After years of working with SQL and optimizing hundreds of poorly written queries, I decided to write this post to encourage use of what I found to be one of the SQL’s most underappreciated features – Common Table Expressions, often known as ‘WITH clause’.

What is a Common Table Expression

In short, CTEs are about taking parts of a SQL query, naming them, and referring to them later. Just like in this example.

WITH some_name AS (
SELECT column_1, max(column_2) as max_2
FROM table_1
GROUP BY column_1
)
SELECT t2.column_3, s.max_2
FROM table_2 t2
JOIN some_name s
ON t2.column_1 = s.column_1

If you need more details, have a look here

1. Readability

How many times have you seen queries like this?

SELECT * FROM (
  SELECT
    column_1,
    max(sum_1) as max_1
  FROM (
    SELECT
      column_1,
      column_2,
      sum(column_3) as sum_1
    FROM table
    GROUP BY column_1, column_2
   )
   GROUP BY column_1
) WHERE max_1 < 3

Obviously, somebody else wrote the query, you have to analyze/modify/fix it, and it is much longer and more complicated than the example above (a few extra joins, dozens of columns etc). So:

  1. For a complex query, it takes you some time before you even figure out where the logic starts
  2. You go crazy as you keep scrolling up and down the editor, because the column names are at the top, and a corresponding WHERE condition is at the bottom, 500 lines down.
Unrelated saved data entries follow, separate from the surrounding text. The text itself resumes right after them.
lemma powr_le_const_mult_exp:
  fixes c :: real
  assumes "0 \<le> c"
  obtains D where "D > 0" "\<And>y. 0 \<le> y \<Longrightarrow> y powr c \<le> D * exp y"
proof -
  define n where "n = nat \<lceil>c\<rceil>"
  have bound: "y powr c \<le> (1 + fact n) * exp y" if y: "0 \<le> y" for y :: real
  proof (cases "y \<le> 1")
    case True
    then have "y powr c \<le> 1" using y assms by (simp add: powr_le1)
    moreover have "1 * 1 \<le> (1 + fact n) * exp y" using y by (intro mult_mono) auto
    ultimately show ?thesis by simp
  next
    case False
    have "c \<le> real n" unfolding n_def by linarith
    then have "y powr c \<le> y powr real n" using False by (intro powr_mono) auto
    also have "\<dots> = y ^ n" using False by (simp add: powr_realpow)
    also have "\<dots> \<le> fact n * exp y" using power_le_fact_mult_exp y by blast
    finally show ?thesis by (simp add: distrib_right add_increasing)
  qed
  show ?thesis by (rule that[OF _ bound]) (intro add_pos_pos; simp)
qed

lemma powr_mult_exp_le_div_square:
  fixes \<alpha> \<theta> :: real
  assumes "\<alpha> > 0" "\<theta> \<ge> 0"
  obtains C where "C > 0"
    "\<And>\<mu>. \<mu> powr \<theta> * exp (- (\<mu> powr (2 * \<alpha>))) \<le> C * (\<mu> powr \<theta> / (1 + \<mu> powr \<theta>)\<^sup>2)"
proof -
  obtain D where "D > 0" and D: "\<And>y. 0 \<le> y \<Longrightarrow> y powr (\<theta> / \<alpha>) \<le> D * exp y"
    using powr_le_const_mult_exp[of "\<theta> / \<alpha>"] assms by auto
  have weight: "\<mu> powr \<theta> * exp (- (\<mu> powr (2 * \<alpha>))) \<le> (2 + 2 * D) * (\<mu> powr \<theta> / (1 + \<mu> powr \<theta>)\<^sup>2)"
    for \<mu> :: real
  proof -
    define x where "x = \<mu> powr \<theta>"
    define y where "y = \<mu> powr (2 * \<alpha>)"
    have "x\<^sup>2 = y powr (\<theta> / \<alpha>)"
      using assms by (simp add: x_def y_def powr_powr power2_eq_square powr_add[symmetric])
    then have "x\<^sup>2 \<le> D * exp y" using D[of y] by (simp add: y_def)
    moreover have "1 \<le> exp y" by (simp add: y_def)
    moreover have "(1 + x)\<^sup>2 \<le> 2 + 2 * x\<^sup>2"
      using zero_le_power2[of "x - 1"] by (simp add: power2_eq_square algebra_simps)
    ultimately have "(1 + x)\<^sup>2 \<le> 2 * exp y + 2 * (D * exp y)" by linarith
    then have bound: "(1 + x)\<^sup>2 \<le> (2 + 2 * D) * exp y" by (simp add: algebra_simps)
    have "x * (1 + x)\<^sup>2 \<le> x * ((2 + 2 * D) * exp y)"
      using bound by (intro mult_left_mono) (auto simp: x_def)
    moreover have "1 + x > 0" by (simp add: x_def add_pos_nonneg)
    ultimately have "x * exp (- y) \<le> (2 + 2 * D) * (x / (1 + x)\<^sup>2)"
      by (simp add: exp_minus field_simps)
    then show ?thesis by (simp add: x_def y_def)
  qed
  show ?thesis by (rule that[OF _ weight]) (use \<open>D > 0\<close> in simp)
qed

lemma div_one_plus_square_le_telescope:
  fixes q x :: real
  assumes "q > 1" "x \<ge> 0"
  shows "x / (1 + x)\<^sup>2 \<le> q / (q - 1) * (q * x / (1 + q * x) - x / (1 + x))"
proof -
  have pos: "1 + q * x > 0" "1 + x > 0" using assms by (auto simp: add_pos_nonneg)
  have "q * x / (1 + q * x) - x / (1 + x) = (q - 1) * x / ((1 + q * x) * (1 + x))"
    using pos by (simp add: field_simps)
  then have "q / (q - 1) * (q * x / (1 + q * x) - x / (1 + x)) = q * x / ((1 + q * x) * (1 + x))"
    using assms by simp
  moreover have "(1 + q * x) * (1 + x) \<le> q * (1 + x) * (1 + x)"
    using assms pos by (intro mult_right_mono) (auto simp: algebra_simps)
  then have "q * x / (q * (1 + x) * (1 + x)) \<le> q * x / ((1 + q * x) * (1 + x))"
    using assms pos by (intro frac_le) auto
  moreover have "x / (1 + x)\<^sup>2 = q * x / (q * (1 + x) * (1 + x))"
    using assms by (simp add: power2_eq_square)
  ultimately show ?thesis by simp
qed

lemma powr_mult_exp_doubling:
  fixes \<alpha> \<theta> \<mu> \<nu> :: real
  assumes "\<alpha> > 0" "\<theta> \<ge> 0" "0 < \<mu>" "\<mu> \<le> \<nu>" "\<nu> \<le> 2 * \<mu>"
  shows "\<nu> powr \<theta> * exp (- (\<nu> powr (2 * \<alpha>))) \<le> 2 powr \<theta> * (\<mu> powr \<theta> * exp (- (\<mu> powr (2 * \<alpha>))))"
proof -
  have "\<nu> powr \<theta> \<le> (2 * \<mu>) powr \<theta>" using assms by (intro powr_mono2) auto
  also have "\<dots> = 2 powr \<theta> * \<mu> powr \<theta>" using assms by (simp add: powr_mult)
  finally have "\<nu> powr \<theta> \<le> 2 powr \<theta> * \<mu> powr \<theta>" .
  moreover have "\<mu> powr (2 * \<alpha>) \<le> \<nu> powr (2 * \<alpha>)" using assms by (intro powr_mono2) auto
  then have "exp (- (\<nu> powr (2 * \<alpha>))) \<le> exp (- (\<mu> powr (2 * \<alpha>)))" by simp
  ultimately have "\<nu> powr \<theta> * exp (- (\<nu> powr (2 * \<alpha>)))
      \<le> (2 powr \<theta> * \<mu> powr \<theta>) * exp (- (\<mu> powr (2 * \<alpha>)))"
    by (intro mult_mono) auto
  then show ?thesis by (simp add: mult.assoc)
qed
lemma pseudo_power_of_map:
  assumes ai: "antimorphic_involution S \<theta>" and ai': "antimorphic_involution S' \<theta>'"
    and emb: "involution_embedding S S' (letter_map \<theta>) (letter_map \<theta>') \<phi>"
    and w: "w \<in> lists S" and pp: "pseudo_power \<theta>' k (map \<phi> w)"
  shows "pseudo_power \<theta> k w"
proof -
  obtain vs where vs: "length vs = k" "concat vs = map \<phi> w"
    and related: "\<forall>i<k. \<forall>j<k. vs ! i = vs ! j \<or> vs ! i = \<theta>' (vs ! j)"
    using pp unfolding pseudo_power_def by blast
  obtain us where us: "vs = map (map \<phi>) us" "concat us = w"
    using concat_eq_map_imp[OF vs(2)] by blast
  have factor: "us ! i \<in> lists S" if "i < k" for i
    using that w us vs(1) by (auto simp: set_concat)
  have "us ! i = us ! j \<or> us ! i = \<theta> (us ! j)" if i: "i < k" and j: "j < k" for i j
  proof -
    have "map \<phi> (us ! i) = map \<phi> (us ! j) \<or> map \<phi> (us ! i) = \<theta>' (map \<phi> (us ! j))"
      using related i j us(1) vs(1) by auto
    moreover have "inj_on \<phi> (set (us ! i) \<union> set (us ! j))"
      using emb factor[OF i] factor[OF j] by (auto simp: involution_embedding_def intro: inj_on_subset)
    ultimately show ?thesis
      using inj_on_map_eq_map involution_embedding_reflects_image[OF ai ai' emb factor[OF j] factor[OF i]]
      by blast
  qed
  moreover have "w \<noteq> []" using pp by (auto simp: pseudo_power_def)
  ultimately show ?thesis
    unfolding pseudo_power_def using us vs(1) by auto
qed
Isn’t this version easier to read?

WITH q_1 AS (
SELECT
  column_1,
  column_2,
  sum(column_3) as sum_1
FROM table
GROUP BY column_1, column_2
),
q_2 AS (
SELECT
  column_1,
  max(sum_1) as max_1
FROM q_1
   GROUP BY column_1 
)
SELECT *
FROM q_2
WHERE max_1 < 3

2. Logical flow

In the rewritten query with CTEs the flow goes from the top to the bottom. Furthermore, instead of names like q_1 you can use more meaningful ones like t1_sum (in the first example, subqueries are not named at all). Together with proper commenting, your SQL code will be much better reflecting the business logic.

3. Less code

Let’s have a look the following example:

SELECT
  t1.col_1,
  t2.col_3,
  t3.col_3
FROM
t1
JOIN
(SELECT DISTINCT
 col_2,
 col_3
 FROM xyz
 WHERE col_2 = 2 and col_3 < 15) t2
ON t1.col_2 = t2.col_2
JOIN
(SELECT DISTINCT
 col_2,
 col_3
 FROM xyz
 WHERE col_2 = 2 and col_3 > 22) t3
ON t1.col_2 = t3.col_3

You probably have noticed, that parts of the query repeat. These can be extracted into CTEs and rewritten like this:

WITH dist AS (
SELECT DISTINCT
  col_2,
  col_3
FROM xyz
WHERE col_2 = 2
),
t2 AS (
  SELECT * FROM dist WHERE col_3 < 15
),
t3 AS (
  SELECT * FROM dist WHERE col_2 < 22
)
SELECT
  t1.col_1,
  t2.col_3,
  t3.col_3
FROM
t1
JOIN t2
ON t1.col_2 = t2.col_2
JOIN t3
ON t1.col_2 = t3.col_3

In this particular example, the savings in code length might not be so spectacular, but as you start rewriting your queries, you’ll discover that many repeating parts can be eliminated. The authors of the database you’re working with probably also made some observation about repeating, so please read the next section carefully,

4. Performance and hints

Contrary to what many inexperienced users believe, a SQL statement is not executed ‘as a whole’, but it a series of operations like reads, joins, sorts, unions etc, executed most often sequentially, sometimes in parallel to each other, sometimes in a paralleled way. It depends on the specific database engine how CTEs are processed, but proper use of them is a very powerful tool when tuning SQL queries. I will provide 2 examples how Oracle can take advantage of them:

  1. If a CTE is referred to in the further part of the query more than once, it may get materialized. This means it is saved to a temporary table, so that the preceding operations are not repeated
  2. Using hints, like MATERIALIZE, it is possible to force saving part of a query to a temporary table. This, in turn, influences all the joins downstream, as the temporary table has no indexes, and is hash-joined whenever the join conditions permit

On the other hand, there are engines like Redshift, which do not materialize CTEs. That should not discourage you from using CTEs to structure your code.

5. CTE recursion

Another feature that is database specific is CTE recursion, or otherwise the ability for the query to reference itself, to generate new rows basing on rows so far. The implementation differs between the databases, but if your worked with CONNECT BY queries in Oracle and now moved to MS SQL server, you’re likely to run into them. Google for more.

No more 10 level subqueries

I hope my arguments were convincing, and will help you write cleaner, better SQL queries. Not only for yourself, but also for those who will be debugging or changing them in the future.